As your crawl expands (many cities), you’ll want a stable network layer.

The code below supports a ProxiesAPI proxy via an environment variable.

import os
import random
import time
from typing import Optional

import requests
from tenacity import retry, stop_after_attempt, wait_exponential, retry_if_exception_type

TIMEOUT = (10, 30)

# Example: http://USER:PASS@gateway.proxiesapi.com:PORT
PROXIESAPI_PROXY_URL = os.getenv("PROXIESAPI_PROXY_URL")

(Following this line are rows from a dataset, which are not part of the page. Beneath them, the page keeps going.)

theorem theorem1p1:
  fixes \<F> :: "'a set set" and t k :: nat and \<A> :: "nat \<Rightarrow> 'a set set"
  assumes "t \<ge> 1" and "k \<ge> 1"
    and "finite \<F>" and "\<F> \<noteq> {}" and "\<forall>F\<in>\<F>. finite F"
    and "alpha \<F> \<ge> t"
    and "\<forall>i\<in>{1..k}. \<A> i \<subseteq> \<F>"
    and "cross_t_intersecting t k \<A>"
    and "real k \<ge> kappa \<F> t"
  shows "(\<Sum>i=1..k. card (\<A> i)) \<le> k * lmax \<F> t
       \<and> (\<Prod>i=1..k. card (\<A> i)) \<le> (lmax \<F> t) ^ k
       \<and> (\<forall>\<L>. largest_t_intersecting \<F> t \<L> \<longrightarrow>
              (\<Sum>i=1..k. card \<L>) = k * lmax \<F> t \<and> (\<Prod>i=1..k. card \<L>) = (lmax \<F> t) ^ k)
       \<and> (\<exists>\<L>. largest_t_intersecting \<F> t \<L> \<and> cross_t_intersecting t k (\<lambda>_. \<L>))
       \<and> (real k > kappa \<F> t \<longrightarrow>
            ((\<Sum>i=1..k. card (\<A> i)) = k * lmax \<F> t \<longrightarrow>
               (\<exists>\<L>. largest_t_intersecting \<F> t \<L> \<and> (\<forall>i\<in>{1..k}. \<A> i = \<L>)))
          \<and> ((\<Prod>i=1..k. card (\<A> i)) = (lmax \<F> t) ^ k \<longrightarrow>
               (\<exists>\<L>. largest_t_intersecting \<F> t \<L> \<and> (\<forall>i\<in>{1..k}. \<A> i = \<L>))))"
proof -
  have sum_le: "(\<Sum>i=1..k. card (\<A> i)) \<le> k * lmax \<F> t"
    using sum_card_cross_t_intersecting_le[OF assms(3,4,7-9)] .
  have "{1..k} \<noteq> {}" using assms(2) by simp
  then have prod_le: "(\<Prod>i=1..k. card (\<A> i)) \<le> lmax \<F> t ^ k"
    using prod_le_power_if_sum_le[of "{1..k}" "\<lambda>i. card (\<A> i)" "lmax \<F> t"] sum_le by simp
  have "(\<Sum>i=1..k. card (\<A> i)) = k * lmax \<F> t"
    if "(\<Prod>i=1..k. card (\<A> i)) = lmax \<F> t ^ k"
    using prod_less_power_if_sum_less[of "{1..k}" "\<lambda>i. card (\<A> i)" "lmax \<F> t"]
      \<open>{1..k} \<noteq> {}\<close> sum_le that by fastforce
  then show ?thesis
    using sum_le prod_le ex_largest_t_intersecting_cross[OF assms(3-6)]
      largest_if_sum_card_cross_t_intersecting_eq[OF assms(3,4,7,8)]
    by (auto simp: largest_t_intersecting_def)
qed

end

session = requests.Session()

HEADERS = {
    "User-Agent": (
        "Mozilla/5.0 (Macintosh; Intel Mac OS X 10_15_7) "
        "AppleWebKit/537.36 (KHTML, like Gecko) "
        "Chrome/123.0.0.0 Safari/537.36"
    ),
    "Accept": "text/html,application/xhtml+xml,application/xml;q=0.9,*/*;q=0.8",
    "Accept-Language": "en-US,en;q=0.9",
}


def _proxy_dict() -> Optional[dict]:
    if not PROXIESAPI_PROXY_URL:
        return None
    return {"http": PROXIESAPI_PROXY_URL, "https": PROXIESAPI_PROXY_URL}


@retry(
    reraise=True,
    stop=stop_after_attempt(5),
    wait=wait_exponential(multiplier=1, min=2, max=20),
    retry=retry_if_exception_type((requests.RequestException,)),
)
def fetch(url: str) -> str:
    # jitter
    time.sleep(random.uniform(0.3, 1.0))

    r = session.get(url, headers=HEADERS, timeout=TIMEOUT, proxies=_proxy_dict())
    r.raise_for_status()
    return r.text

Step 1: Extract headline indices + tables

Numbeo pages typically include:

  • a “headline” area with key indices (Cost of Living Index, Rent Index, etc.)
  • one or more tables (restaurants, markets, transport, utilities, etc.)

We’ll parse:

  • h1 for city label
  • any “indices” table (two columns like Index + Value)
  • price tables with item + range columns
import re
from bs4 import BeautifulSoup


def clean(s: str | None) -> str | None:
    if not s:
        return None
    t = re.sub(r"\s+", " ", s).strip()
    return t or None


def parse_float(s: str | None) -> float | None:
    if not s:
        return None
    # remove commas and non-numeric tokens
    t = re.sub(r"[^0-9\.,-]", "", s)
    t = t.replace(",", "")
    try:
        return float(t)
    except ValueError:
        return None


def parse_city_page(html: str) -> dict:
    soup = BeautifulSoup(html, "lxml")

    title = clean(soup.select_one("h1").get_text(" ", strip=True) if soup.select_one("h1") else None)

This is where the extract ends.